■ **About this task**
Scan the records beneath this line for the line holding "then show thesis using that way_below_nmulE" and the line holding "unfolding strongly_soft_def le_infty_iff ..", then transcribe exactly those two and all lines between.

■ **Input for this task**

lemma way_below_addE:
  assumes "p \<lless> q + r"
  obtains q' r' where "q' \<lless> q" "r' \<lless> r" "p \<le> q' + (r'::'a)"
proof -
  obtain z where z: "\<And>n. z n \<lless> q" "incseq z" "is_lub UNIV q z"
    using way_below_approximation by blast
  obtain w where w: "\<And>n. w n \<lless> r" "incseq w" "is_lub UNIV r w"
    using way_below_approximation by blast
  have "incseq (\<lambda>n. z n + w n)" using z(2) w(2) by (simp add: incseq_def add_mono)
  then obtain m where "p \<le> z m + w m"
    using way_belowD[OF assms _ _ is_lub_add[OF z(2) w(2) z(3) w(3)]] by blast
  then show thesis using that z(1) w(1) by blast
qed

lemma is_lub_infty: "is_lub UNIV (infty y) (\<lambda>n. nmul n (y::'a))"
  unfolding infty_def using exists_is_lub[OF incseq_nmul] by (rule someI_ex)

lemma le_infty_iff: "le_infty UNIV x y \<longleftrightarrow> x \<le> infty (y::'a)"
  unfolding le_infty_def using is_lub_infty is_lub_unique by blast

lemma nmul_le_infty: "nmul k y \<le> infty (y::'a)"
  using is_lub_infty by (rule is_lub_upper)

lemma nmul_infty_le: "nmul k (infty y) \<le> infty (y::'a)"
proof (rule is_lub_least[OF is_lub_nmul[OF incseq_nmul is_lub_infty]])
  show "nmul k (nmul n y) \<le> infty y" for n
    by (metis nmul_mult nmul_le_infty)
qed simp

lemma le_infty_nmul: "x \<le> infty y \<Longrightarrow> nmul k x \<le> infty (y::'a)"
  by (meson nmul_infty_le nmul_mono order_trans)

lemma le_infty_add: "a \<le> infty y \<Longrightarrow> b \<le> infty y \<Longrightarrow> a + b \<le> infty (y::'a)"
  using nmul_infty_le[of 2 y] add_mono[of a "infty y" b "infty y"] by (simp add: numeral_2_eq_2)

lemma infty_mono: "x \<le> y \<Longrightarrow> infty x \<le> infty (y::'a)"
  by (rule is_lub_least[OF is_lub_infty]) (auto intro: nmul_mono order_trans nmul_le_infty)

lemma way_below_inftyE:
  assumes "p \<lless> infty u"
  obtains k u' where "u' \<lless> u" "p \<le> nmul k (u'::'a)"
proof -
  obtain p' where p': "p \<lless> p'" "p' \<lless> infty u" using way_below_interpolate[OF assms] .
  obtain k where "p' \<le> nmul k u" using way_belowD[OF p'(2) _ incseq_nmul is_lub_infty] by blast
  then have "p \<lless> nmul k u" using p'(1) way_below_le_trans by blast
  then show thesis using that way_below_nmulE by blast
qed

section \<open>Strongly soft elements\<close>

lemma strongly_soft_iff:
  "strongly_soft (x::'a) \<longleftrightarrow> (\<forall>x'. x' \<lless> x \<longrightarrow> (\<exists>t. x' + t \<lless> x \<and> x' \<le> infty t))"
  unfolding strongly_soft_def le_infty_iff ..

lemma strongly_soft_zero: "strongly_soft (0::'a)"
  unfolding strongly_soft_iff
    by (metis add.right_neutral order_trans nonneg way_below_imp_le UNIV_I)
(* For any set $\Gamma$ of sentences over $\sigma_1$ and any sentence $F$ over $\sigma_1$, $F$ can be derived from $\Gamma$ in $\mathit{HT}_{\#}^{\omega}$ if and only if every standard HT-interpretation of $\sigma_1$ that satisfies (in the sense of $\models_{ht}$) all members of $\Gamma$ satisfies $F$.
   Context: Precomputed terms: a totally ordered set containing all numerals $\overline n$ ($n$ an integer, in 1-1 correspondence with the integers), all symbolic constants and possibly other symbols, in which numerals are contiguous and ordered as the integers. Formulas are two-sorted, with sort general and its subsort integer. Signature $\sigma_0$: numerals as integer object constants; other precomputed terms as general object constants; $|\cdot|,+,-,\times$ as function constants on integers; predicate constants $p/n$ (written $p(\mathbf t)$) with general arguments; binary predicate constants $\neq,<,>,\le,\ge$ ("comparison symbols") with general arguments ($=$ is logical equality). $\sigma_1$ adds, for disjoint lists $\mathbf X,\mathbf V$ of distinct general variables and formula $F$ over $\sigma_0$ with free variables among $\mathbf X,\mathbf V$, predicate constants $\mathit{Atleast}^{\mathbf X;\mathbf V}_F,\mathit{Atmost}^{\mathbf X;\mathbf V}_F$ with $|\mathbf V|+1$ general arguments. Comparison symbols are extensional; $p/n$, $\mathit{Atleast}$, $\mathit{Atmost}$ are intensional. A standard interpretation of $\sigma_0$ has general domain the precomputed terms, integer domain the numerals, object constants denoting themselves, arithmetic symbols with their usual meaning and comparison symbols given by the order on precomputed terms. $\mathit{Std}$: all sentences over $\sigma_0$ without symbols $p/n$ satisfied by standard interpretations. For a precomputed term $r$: $\exists_{\ge r}\mathbf X\,F$ is $\exists\mathbf X_1\cdots\mathbf X_n(\bigwedge_{i=1}^nF^{\mathbf X}_{\mathbf X_i}\wedge\bigwedge_{i<j}\neg(\mathbf X_i=\mathbf X_j))$ if $r=\overline n>\overline0$, $\top$ if $r\le\overline0$, $\bot$ if $r>\overline n$ for all $n$; $\exists_{\le r}\mathbf X\,F$ is $\forall\mathbf X_1\cdots\mathbf X_{n+1}(\bigwedge_{i=1}^{n+1}F^{\mathbf X}_{\mathbf X_i}\to\bigvee_{i<j}\mathbf X_i=\mathbf X_j)$ if $r=\overline n\ge\overline0$, $\bot$ if $r<\overline0$, $\top$ if $r>\overline n$ for all $n$. $\mathit{Defs}$: all sentences $\forall\mathbf V(\mathit{Atleast}^{\mathbf X;\mathbf V}_F(\mathbf V,r)\leftrightarrow\exists_{\ge r}\mathbf XF)$ and $\forall\mathbf V(\mathit{Atmost}^{\mathbf X;\mathbf V}_F(\mathbf V,r)\leftrightarrow\exists_{\le r}\mathbf XF)$. $\mathit{HT}_{\#}^{\omega}$ is the natural deduction system for first-order intuitionistic logic with equality over the two-sorted signature $\sigma_1$ with sequents $\Gamma\Rightarrow F$ ($\Gamma$ finite; $\Rightarrow F$ identified with $F$), extended by all formulas $F\vee(F\to G)\vee\neg G$ and $\exists X(F\to\forall XF)$ over $\sigma_1$, the axioms $\mathit{Std}$ and $\mathit{Defs}$, and the $\omega$-rules: from $\Gamma\Rightarrow F^X_t$ for all precomputed terms $t$ infer $\Gamma\Rightarrow\forall XF$ ($X$ general), and from $\Gamma\Rightarrow F^N_{\overline n}$ for all integers $n$ infer $\Gamma\Rightarrow\forall NF$ ($N$ integer). Deriving $F$ from $\Gamma$ means deriving it using members of $\Gamma$ as assumptions. HT-interpretations: for an interpretation $I$ of $\sigma_1$, $\sigma_1^I$ adds names $d^*$ for domain elements; $I^{\downarrow}$ is the set of atoms $p(\mathbf d^* )$ with $p$ intensional and $I\models p(\mathbf d^* )$; an HT-interpretation is $\langle\mathcal H,I\rangle$ with $\mathcal H\subseteq I^{\downarrow}$. $\models_{ht}$: intensional atoms $p(\mathbf t)$ hold iff $p(\mathbf d^* )\in\mathcal H$ for $\mathbf d$ the values of $\mathbf t$ in $I$; extensional atoms and equalities iff $I$ satisfies them; $\bot$ never; $\neg F$ iff $I\not\models F$; $\wedge,\vee$ componentwise; $F\to G$ iff ($\not\models_{ht}F$ or $\models_{ht}G$) and $I\models F\to G$; $\forall$/$\exists$ over all/some domain elements. An HT-interpretation $\langle\mathcal H,I\rangle$ of $\sigma_1$ is standard if the restriction of $I$ to $\sigma_0$ is standard and $\langle\mathcal H,I\rangle\models_{ht}\mathit{Defs}$. *)

theory Defs
  imports Main "HOL-Library.Countable"
begin
definition location_forced :: "'a set \<Rightarrow> ('a \<times> 'a) set \<Rightarrow> 'a \<Rightarrow> bool" where
  "location_forced V A v \<longleftrightarrow>
     (\<exists>y\<in>V. \<exists>z\<in>V. y \<noteq> z \<and> symdiff (in_nbhd V A y) (in_nbhd V A z) = {v})"

definition forcing_arc :: "'a set \<Rightarrow> ('a \<times> 'a) set \<Rightarrow> 'a \<Rightarrow> 'a \<Rightarrow> bool" where
  "forcing_arc V A u y \<longleftrightarrow> (u, y) \<in> A \<and>
     (in_nbhd V A y = {u} \<or> (\<exists>z\<in>V. in_nbhd V A z = in_nbhd V A y - {u}))"

definition forcing_arcs :: "'a set \<Rightarrow> ('a \<times> 'a) set \<Rightarrow> ('a \<times> 'a) set" where
  "forcing_arcs V A = {(u, y). forcing_arc V A u y}"

definition delete_nonforcing_out :: "'a set \<Rightarrow> ('a \<times> 'a) set \<Rightarrow> 'a \<Rightarrow> ('a \<times> 'a) set" where
  "delete_nonforcing_out V A x = A - {(u, y). u = x \<and> (u, y) \<in> A \<and> \<not> forcing_arc V A u y}"

end

theory Submission
  imports Defs
begin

■ **Answer space**
  then show thesis using that way_below_nmulE by blast
qed

section \<open>Strongly soft elements\<close>

lemma strongly_soft_iff:
  "strongly_soft (x::'a) \<longleftrightarrow> (\<forall>x'. x' \<lless> x \<longrightarrow> (\<exists>t. x' + t \<lless> x \<and> x' \<le> infty t))"
  unfolding strongly_soft_def le_infty_iff ..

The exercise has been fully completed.